(* Let $X$ be a linearly ordered set and let $n\ge6$ be even. Then $\mathrm{med}_3\in\langle\{m^n_{n/2}\}\rangle$ and $\mathrm{med}_3\in\langle\{m^n_{n/2+1}\}\rangle$; in each case $\mathrm{med}_3(x_1,x_2,x_3)$ is obtained by substituting into $m^n_{n/2}$ (resp. $m^n_{n/2+1}$) the tuple $(x_1,\dots,x_1,x_2,\dots,x_2,x_3,\dots,x_3)$ where $x_j$ occurs $\lfloor n/3\rfloor+1$ times if $j\le R(n/3)$ and $\lfloor n/3\rfloor$ times otherwise. Consequently these lower and upper medians generate all median functions $\mathrm{med}_m$, $m\ge3$ odd.
   Context: For $n\ge1$, $1\le k\le n$, $m^n_k(x_1,\dots,x_n)$ is the $k$-th smallest entry of $(x_1,\dots,x_n)$ (counted with multiplicity); for odd $m$, $\mathrm{med}_m=m^m_{(m+1)/2}$. $R(n/3)$ is the remainder of $n$ upon division by $3$. A clone on $X$ is a set of finitary operations containing all projections and closed under composition; $\langle\mathscr F\rangle$ is the smallest clone containing $\mathscr F$. *)

theory Defs
  imports Main
begin

text \<open>A finitary operation of arity k on the carrier (the type 'a) is a pair (k, f) where
  f is applied to lists of length k; values on lists of other lengths are irrelevant.\<close>

type_synonym 'a operation = "nat \<times> ('a list \<Rightarrow> 'a)"

definition is_clone :: "'a operation set \<Rightarrow> bool" where
  "is_clone C \<longleftrightarrow>
     (\<forall>k i. i < k \<longrightarrow> (k, \<lambda>xs. xs ! i) \<in> C) \<and>
     (\<forall>k f m gs. (k, f) \<in> C \<longrightarrow> length gs = k \<longrightarrow> (\<forall>g\<in>set gs. (m, g) \<in> C) \<longrightarrow>
        (m, \<lambda>xs. f (map (\<lambda>g. g xs) gs)) \<in> C) \<and>
     (\<forall>k f g. (k, f) \<in> C \<longrightarrow> (\<forall>xs. length xs = k \<longrightarrow> g xs = f xs) \<longrightarrow> (k, g) \<in> C)"

definition clone_gen :: "'a operation set \<Rightarrow> 'a operation set" where
  "clone_gen F = \<Inter>{C. is_clone C \<and> F \<subseteq> C}"

definition kth_smallest :: "nat \<Rightarrow> 'a::linorder list \<Rightarrow> 'a" where
  "kth_smallest k xs = sort xs ! (k - 1)"

definition med :: "nat \<Rightarrow> 'a::linorder list \<Rightarrow> 'a" where
  "med m xs = kth_smallest ((m + 1) div 2) xs"

definition mult3 :: "nat \<Rightarrow> nat \<Rightarrow> nat" where
  "mult3 n j = (if j \<le> n mod 3 then n div 3 + 1 else n div 3)"

definition subst_tuple :: "nat \<Rightarrow> 'a \<Rightarrow> 'a \<Rightarrow> 'a \<Rightarrow> 'a list" where
  "subst_tuple n x1 x2 x3 =
     replicate (mult3 n 1) x1 @ replicate (mult3 n 2) x2 @ replicate (mult3 n 3) x3"

end

(* Everything is read off threshold counts: the k-th smallest entry of a tuple is <= t iff at
   least k entries are <= t.  With the multiplicities of subst_tuple and k = n/2 or n/2 + 1, a
   single block of equal entries has fewer than k entries while any two blocks together have at
   least k, so the k-th smallest entry is <= t iff two of x1, x2, x3 are, as for med 3.

   For the generated clone, the median of an odd tuple of variables with repetitions is shown to
   lie in the clone of med 3 by induction on its length plus its number of distinct variables:
   if x_i occurs a times and x_j occurs b <= a times, the median is med 3 of the medians obtained
   by turning every x_j into x_i, every x_i into x_j, and by deleting b occurrences of each. *)

theory Submission
  imports Defs "HOL-Library.Multiset"
begin

lemma clone_proj: "is_clone C \<Longrightarrow> i < k \<Longrightarrow> (k, \<lambda>xs. xs ! i) \<in> C"
  unfolding is_clone_def by blast

lemma clone_comp:
  "is_clone C \<Longrightarrow> (k, f) \<in> C \<Longrightarrow> length gs = k \<Longrightarrow> (\<forall>g\<in>set gs. (m, g) \<in> C) \<Longrightarrow>
    (m, \<lambda>xs. f (map (\<lambda>g. g xs) gs)) \<in> C"
  unfolding is_clone_def by blast

lemma clone_cong:
  "is_clone C \<Longrightarrow> (k, f) \<in> C \<Longrightarrow> (\<And>xs. length xs = k \<Longrightarrow> g xs = f xs) \<Longrightarrow> (k, g) \<in> C"
  unfolding is_clone_def by blast

lemma is_clone_Inter:
  assumes "\<And>C. C \<in> S \<Longrightarrow> is_clone C"
  shows "is_clone (\<Inter>S)"
  unfolding is_clone_def
proof (intro conjI allI impI)
  show "(k, \<lambda>xs. xs ! i) \<in> \<Inter>S" if "i < k" for k i
    using assms clone_proj that by blast
  show "(m, \<lambda>xs. f (map (\<lambda>g. g xs) gs)) \<in> \<Inter>S"
    if "(k, f) \<in> \<Inter>S" "length gs = k" "\<forall>g\<in>set gs. (m, g) \<in> \<Inter>S" for k f m gs
  proof
    fix C assume "C \<in> S"
    with that show "(m, \<lambda>xs. f (map (\<lambda>g. g xs) gs)) \<in> C"
      using assms clone_comp by blast
  qed
  show "(k, g) \<in> \<Inter>S" if "(k, f) \<in> \<Inter>S" "\<forall>xs. length xs = k \<longrightarrow> g xs = f xs" for k f g
    using that assms clone_cong by blast
qed

lemma is_clone_clone_gen: "is_clone (clone_gen F)"
  unfolding clone_gen_def by (rule is_clone_Inter) blast

lemma clone_gen_superset: "F \<subseteq> clone_gen F"
  unfolding clone_gen_def by blast

lemma clone_minor:
  assumes "is_clone C" and "(k, f) \<in> C" and "length idx = k" and "set idx \<subseteq> {..<m}"
  shows "(m, \<lambda>xs. f (map ((!) xs) idx)) \<in> C"
proof -
  have "(m, \<lambda>xs. f (map (\<lambda>g. g xs) (map (\<lambda>i xs. xs ! i) idx))) \<in> C"
    using assms by (intro clone_comp) (auto intro: clone_proj)
  then show ?thesis by (simp add: comp_def)
qed

lemma eq_by_upper_thresholds:
  fixes u v :: "'a::order"
  shows "(\<And>t. u \<le> t \<longleftrightarrow> v \<le> t) \<Longrightarrow> u = v"
  by (metis order.antisym order.refl)

lemma sorted_nth_le_iff:
  fixes s :: "'a::linorder list"
  assumes "sorted s" and "i < length s"
  shows "s ! i \<le> t \<longleftrightarrow> i < length (filter (\<lambda>x. x \<le> t) s)"
proof
  assume "s ! i \<le> t"
  have "s ! j \<le> t" if "j \<le> i" for j
    using sorted_nth_mono[OF assms(1) that assms(2)] \<open>s ! i \<le> t\<close> by simp
  then have "\<forall>x\<in>set (take (Suc i) s). x \<le> t"
    by (auto simp: in_set_conv_nth)
  then have "Suc i \<le> length (filter (\<lambda>x. x \<le> t) (take (Suc i) s))"
    using assms(2) by simp
  also have "\<dots> \<le> length (filter (\<lambda>x. x \<le> t) s)"
    by (metis append_take_drop_id filter_append length_append le_add1)
  finally show "i < length (filter (\<lambda>x. x \<le> t) s)" by simp
next
  assume "i < length (filter (\<lambda>x. x \<le> t) s)"
  show "s ! i \<le> t"
  proof (rule ccontr)
    assume "\<not> s ! i \<le> t"
    have "\<not> s ! j \<le> t" if "i \<le> j" "j < length s" for j
      using sorted_nth_mono[OF assms(1) that] \<open>\<not> s ! i \<le> t\<close> by simp
    then have "\<forall>x\<in>set (drop i s). \<not> x \<le> t"
      by (auto simp: in_set_conv_nth)
    then have "filter (\<lambda>x. x \<le> t) s = filter (\<lambda>x. x \<le> t) (take i s)"
      by (metis append_take_drop_id filter_append filter_False append_Nil2)
    then have "length (filter (\<lambda>x. x \<le> t) s) \<le> i"
      by (metis length_filter_le length_take min.bounded_iff)
    with \<open>i < length (filter (\<lambda>x. x \<le> t) s)\<close> show False by simp
  qed
qed

lemma kth_smallest_le_iff:
  fixes xs :: "'a::linorder list"
  assumes "1 \<le> k" and "k \<le> length xs"
  shows "kth_smallest k xs \<le> t \<longleftrightarrow> k \<le> length (filter (\<lambda>x. x \<le> t) xs)"
proof -
  have "length (filter (\<lambda>x. x \<le> t) (sort xs)) = length (filter (\<lambda>x. x \<le> t) xs)"
    by (simp add: filter_sort)
  moreover have "k - 1 < length (filter (\<lambda>x. x \<le> t) xs) \<longleftrightarrow> k \<le> length (filter (\<lambda>x. x \<le> t) xs)"
    using assms(1) by linarith
  ultimately show ?thesis
    using sorted_nth_le_iff[of "sort xs" "k - 1" t] assms by (simp add: kth_smallest_def)
qed

lemma kth_smallest_mset_cong: "mset xs = mset ys \<Longrightarrow> kth_smallest k xs = kth_smallest k ys"
  unfolding kth_smallest_def by (metis sorted_list_of_multiset_mset)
———
Copy out all the lines of the records that include "proof".

ANSWER FOR THIS EXERCISE:
proof (intro conjI allI impI)
  proof
proof -
proof
  proof (rule ccontr)
proof -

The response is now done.